On Fri, Jan 9, 2015 at 1:49 PM, Michael Kerrisk (man-pages)
<mtk.manpages@xxxxxxxxx> wrote:
> Hello David at al.
>
> @David: I took your man-page patches (the new memfd_create(2)
> page, and your patches to fcntl(2) from
> http://cgit.freedesktop.org/~dvdhrm/man-pages/log/?h=memfd )
> into a branch in man-pages. I've done some very heavy editing of
> of the memfd_create(2) page, and added a lot of further detail
> under NOTES, as well as some example programs in a new EXAMPLE
> section. I've also done some fairly substantial editing
> of your patch to fcntl(2).
>
> @all: I'm looking to get review of these new man pages.
> In particular, I've added quite a number of FIXMEs on points
> that I'd like people to check or where there are details I am
> unsure of.
>
> You can find the pages inline below and also in the Git branch at
> http://git.kernel.org/cgit/docs/man-pages/man-pages.git/log/?h=draft_memfd_create
> My preference review feedback is as inline comments to the text
> below.
>
> Thanks,
>
> Michael
>
> ==================== memfd_create.2 ====================
>
> .\" Copyright (C) 2014 Michael Kerrisk <mtk.manpages@xxxxxxxxx>
> .\" and Copyright (C) 2014 David Herrmann <dh.herrmann@xxxxxxxxx>
> .\"
> .\" %%%LICENSE_START(GPLv2+_SW_3_PARA)
> .\"
> .\" FIXME What is _SW_3_PARA?

No idea.. if that's due to my initial version, please feel free to drop it.

> .\"
> .\" This program is free software; you can redistribute it and/or modify
> .\" it under the terms of the GNU General Public License as published by
> .\" the Free Software Foundation; either version 2 of the License, or
> .\" (at your option) any later version.
> .\"
> .\" This program is distributed in the hope that it will be useful,
> .\" but WITHOUT ANY WARRANTY; without even the implied warranty of
> .\" MERCHANTABILITY or FITNESS FOR A PARTICULAR PURPOSE. See the
> .\" GNU General Public License for more details.
> .\"
> .\" You should have received a copy of the GNU General Public
> .\" License along with this manual; if not, see
> .\" <http://www.gnu.org/licenses/>.
> .\" %%%LICENSE_END
> .\"
> .TH MEMFD_CREATE 2 2014-07-08 Linux "Linux Programmer's Manual"
> .SH NAME
> memfd_create \- create an anonymous file
> .SH SYNOPSIS
> .B #include <sys/memfd.h>
> .sp
> .BI "int memfd_create(const char *" name ", unsigned int " flags ");"
> .SH DESCRIPTION
> .BR memfd_create ()
> creates an anonymous file and returns a file descriptor that refers to it.
> The file behaves like a regular file, and so can be modified,
> truncated, memory-mapped, and so on.
> However, unlike a regular file,
> it lives in RAM and has a volatile backing storage.
> .\" FIXME In the following sentence I changed "released" to
> .\" "destroyed". Okay?

Sounds good.

> Once all references to the file are dropped, it is automatically released.
> Anonymous memory is used for all backing pages of the file.
> .\" FIXME In the following sentence I changed "they" to
> .\" "files created by memfd_create()". Okay?

Sounds good.

> Therefore, files created by
> .BR memfd_create ()
> are subject to the same restrictions as other anonymous
> .\" FIXME Can you give some examples of some of the restrictions please.

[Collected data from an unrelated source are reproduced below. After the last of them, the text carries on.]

(* Let $s,n,k$ be positive integers, $\Gamma=\mathbb{Z}_{sn}\mathbin{\mathrm{wr}}\mathbb{Z}^k$ and $G=\mathbb{Z}_n\mathbin{\mathrm{wr}}\mathbb{Z}^k$, and let $\Pi\colon\Gamma\to G$ be the homomorphism reducing coefficients mod $n$ (defined in the context). Then $\ker\Pi$ is a completely invariant subgroup of $\Gamma$, i.e. it is mapped into itself by every endomorphism of $\Gamma$.
   Context: For a positive integer $m$, $\mathbb{Z}_m\mathbin{\mathrm{wr}}\mathbb{Z}^k=\bigoplus_{x\in\mathbb{Z}^k}(\mathbb{Z}_m)_x\rtimes_\alpha\mathbb{Z}^k$ is the restricted wreath product, where $\alpha(z)$ maps $(\mathbb{Z}_m)_x$ onto $(\mathbb{Z}_m)_{z+x}$. Let $\Sigma$, $\Omega$ denote the torsion subgroups $\bigoplus_x(\mathbb{Z}_{sn})_x$ of $\Gamma$ and $\bigoplus_x(\mathbb{Z}_n)_x$ of $G$, with generators $\Delta_x$ of $(\mathbb{Z}_{sn})_x$ and $\delta_x$ of $(\mathbb{Z}_n)_x$. Define $\pi\colon\Sigma\to\Omega$ by $\pi(k_1\Delta_{x_1}+\dots+k_l\Delta_{x_l})=(k_1\bmod n)\delta_{x_1}+\dots+(k_l\bmod n)\delta_{x_l}$, and $\Pi(\sigma,z)=(\pi(\sigma),z)$ for $\sigma\in\Sigma$, $z\in\mathbb{Z}^k$. *)

theory Defs
  imports "HOL-Algebra.Algebra"
begin

definition lattice :: "nat \<Rightarrow> (nat \<Rightarrow> int) set" where
  "lattice k = {z. \<forall>i\<ge>k. z i = 0}"

definition vadd :: "(nat \<Rightarrow> int) \<Rightarrow> (nat \<Rightarrow> int) \<Rightarrow> (nat \<Rightarrow> int)" where
  "vadd z w = (\<lambda>i. z i + w i)"

definition vsub :: "(nat \<Rightarrow> int) \<Rightarrow> (nat \<Rightarrow> int) \<Rightarrow> (nat \<Rightarrow> int)" where
  "vsub z w = (\<lambda>i. z i - w i)"

text \<open>Finitely supported functions Z^k -> Z_m (residues represented in {0..<m}),
  i.e. the direct sum of copies (Z_m)_x over x in Z^k.\<close>
definition fin_sup :: "int \<Rightarrow> nat \<Rightarrow> ((nat \<Rightarrow> int) \<Rightarrow> int) set" where
  "fin_sup m k = {\<sigma>. (\<forall>x. 0 \<le> \<sigma> x \<and> \<sigma> x < m) \<and> (\<forall>x. \<sigma> x \<noteq> 0 \<longrightarrow> x \<in> lattice k)
                      \<and> finite {x. \<sigma> x \<noteq> 0}}"

text \<open>Restricted wreath product Z_m wr Z^k = (direct sum) \<rtimes>_alpha Z^k,
  where alpha(z) maps (Z_m)_x onto (Z_m)_(z+x), i.e. (alpha(z) tau)(x) = tau(x - z).\<close>
definition wreath :: "int \<Rightarrow> nat \<Rightarrow> (((nat \<Rightarrow> int) \<Rightarrow> int) \<times> (nat \<Rightarrow> int)) monoid" where
  "wreath m k = \<lparr> carrier = fin_sup m k \<times> lattice k,
     monoid.mult = (\<lambda>a b. ((\<lambda>x. (fst a x + fst b (vsub x (snd a))) mod m), vadd (snd a) (snd b))),
     monoid.one = ((\<lambda>x. 0), (\<lambda>i. 0)) \<rparr>"

definition Pi_red :: "int \<Rightarrow> ((nat \<Rightarrow> int) \<Rightarrow> int) \<times> (nat \<Rightarrow> int)
                       \<Rightarrow> ((nat \<Rightarrow> int) \<Rightarrow> int) \<times> (nat \<Rightarrow> int)" where
  "Pi_red n = (\<lambda>(\<sigma>, z). (\<lambda>x. \<sigma> x mod n, z))"

end

theory Submission
  imports Defs
begin

text \<open>The kernel of \<open>\<Pi>\<close> is exactly the set of elements \<open>g\<close> of \<open>\<Gamma>\<close> with \<open>g\<^sup>s = 1\<close>:
  the translation part of \<open>(\<sigma>, z)\<^sup>s\<close> is \<open>s z\<close>, which vanishes only for \<open>z = 0\<close>, and
  \<open>(\<sigma>, 0)\<^sup>s = (s \<sigma> mod s n, 0)\<close> is trivial iff \<open>n\<close> divides every coefficient of \<open>\<sigma>\<close>.
  Every endomorphism preserves the equation \<open>g\<^sup>s = 1\<close>, and the kernel is a subgroup
  because \<open>\<Pi>\<close> is a homomorphism of groups.\<close>

lemma vsub_vsub: "vsub (vsub x z) w = vsub x (vadd z w)"
  by (simp add: vsub_def vadd_def algebra_simps)

lemma vsub_zero [simp]: "vsub x (\<lambda>i. 0) = x"
  by (simp add: vsub_def)

lemma vadd_in_lattice: "z \<in> lattice k \<Longrightarrow> w \<in> lattice k \<Longrightarrow> vadd z w \<in> lattice k"
  by (simp add: lattice_def vadd_def)

lemma uminus_in_lattice: "z \<in> lattice k \<Longrightarrow> (\<lambda>i. - z i) \<in> lattice k"
  by (simp add: lattice_def)

lemma fin_supI:
  assumes "\<And>x. 0 \<le> \<rho> x \<and> \<rho> x < m" and "{x. \<rho> x \<noteq> 0} \<subseteq> A" and "finite A"
    and "A \<subseteq> lattice k"
  shows "\<rho> \<in> fin_sup m k"
  using assms finite_subset by (auto simp: fin_sup_def)

lemma support_translate_eq:
  "{x. \<sigma> (vsub x z) \<noteq> 0} = (\<lambda>y. vadd y z) ` {y. \<sigma> y \<noteq> 0}"
proof -
  have "vadd (vsub x z) z = x" "vsub (vadd y z) z = y" for x y
    by (simp_all add: vadd_def vsub_def)
  then show ?thesis
    by (auto simp: image_iff) metis
qed

lemma fin_sup_translate:
  assumes "\<sigma> \<in> fin_sup m k" and "z \<in> lattice k"
  shows "finite {x. \<sigma> (vsub x z) \<noteq> 0}" and "{x. \<sigma> (vsub x z) \<noteq> 0} \<subseteq> lattice k"
  using assms by (auto simp: support_translate_eq fin_sup_def intro: vadd_in_lattice)

lemma wreath_mult_closed:
  assumes "m > 0" and "a \<in> carrier (wreath m k)" and "b \<in> carrier (wreath m k)"
  shows "a \<otimes>\<^bsub>wreath m k\<^esub> b \<in> carrier (wreath m k)"
proof -
  obtain \<sigma> z \<tau> w where a: "a = (\<sigma>, z)" and b: "b = (\<tau>, w)"
    by (cases a, cases b)
  have \<sigma>: "\<sigma> \<in> fin_sup m k" and z: "z \<in> lattice k" and \<tau>: "\<tau> \<in> fin_sup m k"
    and w: "w \<in> lattice k"
    using assms a b by (auto simp: wreath_def)
  have "(\<lambda>x. (\<sigma> x + \<tau> (vsub x z)) mod m) \<in> fin_sup m k"
    by (rule fin_supI[where A = "{x. \<sigma> x \<noteq> 0} \<union> {x. \<tau> (vsub x z) \<noteq> 0}"])
      (use assms(1) \<sigma> fin_sup_translate[OF \<tau> z] in \<open>auto simp: fin_sup_def\<close>)
  then show ?thesis
    using a b z w by (simp add: wreath_def vadd_in_lattice)
qed

lemma wreath_l_inv_ex:
  assumes "m > 0" and "a \<in> carrier (wreath m k)"
  shows "\<exists>b \<in> carrier (wreath m k). b \<otimes>\<^bsub>wreath m k\<^esub> a = \<one>\<^bsub>wreath m k\<^esub>"
proof -
  obtain \<sigma> z where a: "a = (\<sigma>, z)"
    by (cases a)
  have \<sigma>: "\<sigma> \<in> fin_sup m k" and z: "z \<in> lattice k"
    using assms a by (auto simp: wreath_def)
  define w where "w = (\<lambda>i. - z i)"
  have w: "w \<in> lattice k"
    unfolding w_def using z by (rule uminus_in_lattice)
  define \<tau> where "\<tau> = (\<lambda>x. (- \<sigma> (vsub x w)) mod m)"
  have "\<tau> \<in> fin_sup m k"
    unfolding \<tau>_def
    by (rule fin_supI[where A = "{x. \<sigma> (vsub x w) \<noteq> 0}"])
      (use assms(1) fin_sup_translate[OF \<sigma> w] in auto)
  moreover have "(\<tau>, w) \<otimes>\<^bsub>wreath m k\<^esub> a = \<one>\<^bsub>wreath m k\<^esub>"
    using a by (simp add: wreath_def \<tau>_def w_def vadd_def fun_eq_iff mod_add_left_eq)
  ultimately show ?thesis
    using w by (auto simp: wreath_def)
qed

lemma wreath_assoc:
  "(a \<otimes>\<^bsub>wreath m k\<^esub> b) \<otimes>\<^bsub>wreath m k\<^esub> c = a \<otimes>\<^bsub>wreath m k\<^esub> (b \<otimes>\<^bsub>wreath m k\<^esub> c)"
  by (simp add: wreath_def vsub_vsub mod_add_left_eq mod_add_right_eq add.assoc)
    (simp add: vadd_def add.assoc)

lemma group_wreath:
  assumes "m > 0"
  shows "group (wreath m k)"
proof (rule groupI)
  show "\<one>\<^bsub>wreath m k\<^esub> \<in> carrier (wreath m k)"
    using assms by (simp add: wreath_def fin_sup_def lattice_def)
  show "\<one>\<^bsub>wreath m k\<^esub> \<otimes>\<^bsub>wreath m k\<^esub> a = a" if "a \<in> carrier (wreath m k)" for a
    using that by (auto simp: wreath_def fin_sup_def vadd_def)
qed (use assms wreath_mult_closed wreath_assoc wreath_l_inv_ex in auto)

lemma Pi_red_hom:
  assumes "n > 0" and "n dvd m"
  shows "Pi_red n \<in> hom (wreath m k) (wreath n k)"
proof (rule homI)
  show "Pi_red n a \<in> carrier (wreath n k)" if "a \<in> carrier (wreath m k)" for a
  proof -
    obtain \<sigma> z where a: "a = (\<sigma>, z)"
      by (cases a)
    have \<sigma>: "\<sigma> \<in> fin_sup m k" and z: "z \<in> lattice k"
      using that a by (auto simp: wreath_def)
    have "(\<lambda>x. \<sigma> x mod n) \<in> fin_sup n k"
      by (rule fin_supI[where A = "{x. \<sigma> x \<noteq> 0}"]) (use assms(1) \<sigma> in \<open>auto simp: fin_sup_def\<close>)
    then show ?thesis
      using a z by (simp add: Pi_red_def wreath_def)
  qed
  show "Pi_red n (a \<otimes>\<^bsub>wreath m k\<^esub> b) = Pi_red n a \<otimes>\<^bsub>wreath n k\<^esub> Pi_red n b" for a b
    using assms(2) by (cases a, cases b) (simp add: Pi_red_def wreath_def mod_mod_cancel mod_add_eq)
qed

lemma wreath_nat_pow_snd: "snd (a [^]\<^bsub>wreath m k\<^esub> j) = (\<lambda>i. int j * snd a i)"
  by (induct j) (auto simp: nat_pow_def wreath_def vadd_def algebra_simps)

lemma wreath_nat_pow_fst:
  assumes "snd a = (\<lambda>i. 0)"
  shows "fst (a [^]\<^bsub>wreath m k\<^esub> j) = (\<lambda>x. (int j * fst a x) mod m)"
proof (induct j)
  case 0
  then show ?case
    by (simp add: nat_pow_def wreath_def)
next
  case (Suc j)
  then show ?case
    using wreath_nat_pow_snd[of m k a j] assms
    by (simp add: nat_pow_def wreath_def mod_add_right_eq algebra_simps)
qed

lemma wreath_one: "\<one>\<^bsub>wreath m k\<^esub> = ((\<lambda>x. 0), (\<lambda>i. 0))"
  by (simp add: wreath_def)

lemma kernel_Pi_red_eq_pow_eq_one:
  fixes s n :: int
  assumes "s > 0" and "n > 0"
  shows "kernel (wreath (s * n) k) (wreath n k) (Pi_red n)
       = {g \<in> carrier (wreath (s * n) k). g [^]\<^bsub>wreath (s * n) k\<^esub> nat s = \<one>\<^bsub>wreath (s * n) k\<^esub>}"
proof -
  have "Pi_red n (\<sigma>, z) = \<one>\<^bsub>wreath n k\<^esub> \<longleftrightarrow> (\<sigma>, z) [^]\<^bsub>wreath (s * n) k\<^esub> nat s = \<one>\<^bsub>wreath (s * n) k\<^esub>"
    for \<sigma> z
  proof -
    let ?p = "(\<sigma>, z) [^]\<^bsub>wreath (s * n) k\<^esub> nat s"
    have "snd ?p = (\<lambda>i. s * z i)"
      unfolding wreath_nat_pow_snd using assms(1) by simp
    then have p_one: "?p = \<one>\<^bsub>wreath (s * n) k\<^esub> \<longleftrightarrow> fst ?p = (\<lambda>x. 0) \<and> z = (\<lambda>i. 0)"
      using assms(1) by (auto simp: wreath_one prod_eq_iff fun_eq_iff)
    have fst_p: "fst ?p = (\<lambda>x. s * (\<sigma> x mod n))" if "z = (\<lambda>i. 0)"
      using that assms(1) wreath_nat_pow_fst[where a = "(\<sigma>, z)" and m = "s * n" and j = "nat s"]
      by (simp add: mod_mult_mult1)
    show ?thesis
      using p_one fst_p assms(1) by (auto simp: Pi_red_def wreath_one fun_eq_iff)
  qed
  then show ?thesis
    by (auto simp: kernel_def)
qed

lemma hom_image_pow_eq_one:
  assumes "group G" and "group H" and "h \<in> hom G H"
  shows "h ` {g \<in> carrier G. g [^]\<^bsub>G\<^esub> (e::nat) = \<one>\<^bsub>G\<^esub>}
         \<subseteq> {g \<in> carrier H. g [^]\<^bsub>H\<^esub> e = \<one>\<^bsub>H\<^esub>}"
proof -
  interpret group_hom G H h
    using assms by (simp add: group_hom_def group_hom_axioms_def)
  show ?thesis
    by (auto simp flip: hom_nat_pow)
qed

theorem lemma3p1:
  fixes s n :: int and k :: nat
  assumes "s > 0" and "n > 0" and "k > 0"
  shows "subgroup (kernel (wreath (s * n) k) (wreath n k) (Pi_red n)) (wreath (s * n) k)
       \<and> (\<forall>h \<in> hom (wreath (s * n) k) (wreath (s * n) k).
            h ` kernel (wreath (s * n) k) (wreath n k) (Pi_red n)
              \<subseteq> kernel (wreath (s * n) k) (wreath n k) (Pi_red n))"
proof
  have groups: "group (wreath (s * n) k)" "group (wreath n k)"
    using assms by (simp_all add: group_wreath)
  have "Pi_red n \<in> hom (wreath (s * n) k) (wreath n k)"
    using assms by (simp add: Pi_red_hom)
  with groups show "subgroup (kernel (wreath (s * n) k) (wreath n k) (Pi_red n)) (wreath (s * n) k)"
    by (simp add: group_hom.subgroup_kernel group_hom_def group_hom_axioms_def)
  show "\<forall>h \<in> hom (wreath (s * n) k) (wreath (s * n) k).
          h ` kernel (wreath (s * n) k) (wreath n k) (Pi_red n)
            \<subseteq> kernel (wreath (s * n) k) (wreath n k) (Pi_red n)"
    unfolding kernel_Pi_red_eq_pow_eq_one[OF assms(1,2)]
    using hom_image_pow_eq_one[OF groups(1) groups(1)] by blast
qed

end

memfd uses VM_NORESERVE so each page is accounted on first access.
This means, the overcommit-limits (see __vm_enough_memory()) and the
memory-cgroup limits (mem_cgroup_try_charge()) are applied. Note that
those are accounted on "current" and "current->mm", that is, the
process doing the first page access.

> memory allocations such as those allocated using
> .BR mmap (2)
> with the
> .BR MAP_ANONYMOUS
> flag.
>
> The initial size of the file is set to 0.
> .\" FIXME I added the following sentence. Please review.

Looks good. It's not needed if you use write(), as it adjusts the size
accordingly. But people usually use mmap() so the recommendation
sounds useful.

> Following the call, the file size should be set using
> .BR ftruncate (2).
>
> The name supplied in
> .I name
> is used as an internal filename and will be displayed
> .\" FIXME What does "internal" in the previous line mean?

'internal' can be dropped. It's the normal filename.

> as the target of the corresponding symbolic link in the directory
> .\" FIXME I added the previous line. Is it correct?

Yes, this is correct.

> .IR /proc/self/fd/ .
> .\" FIXME In the next line, I added "as displayed in that
> The displayed name is always prefixed with
> .IR memfd:
> and serves only for debugging purposes.
> Names do not affect the behavior of the memfd,
> .\" FIXME The term "memfd" appears here without having previously been
> .\" defined. Would the correct definition of "the memfd" be
> .\" "the file descriptor created by memfd_create"?

Yes.

> and as such multiple files can have the same name without any side effects.
>
> The following values may be bitwise ORed in
> .IR flags
> to change the behaviour of
> .BR memfd_create ():
> .TP
> .BR MFD_CLOEXEC
> Set the close-on-exec
> .RB ( FD_CLOEXEC )
> flag on the new file descriptor.
> See the description of the
> .B O_CLOEXEC
> flag in
> .BR open (2)
> for reasons why this may be useful.
> .TP
> .BR MFD_ALLOW_SEALING
> Allow sealing operations on this file.
> See the discussion of the
> .B F_ADD_SEALS
> and
> .BR F_GET_SEALS
> operations in
> .BR fcntl (2),
> and also NOTES, below.
> The initial set of seals is empty.
> If this flag is not set, the initial set of seals will be
> .BR F_SEAL_SEAL ,
> meaning that no other seals can be set on the file.
> .\" FIXME Why is the MFD_ALLOW_SEALING behavior not simply the default?
> .\" Is it worth adding some text explaining this?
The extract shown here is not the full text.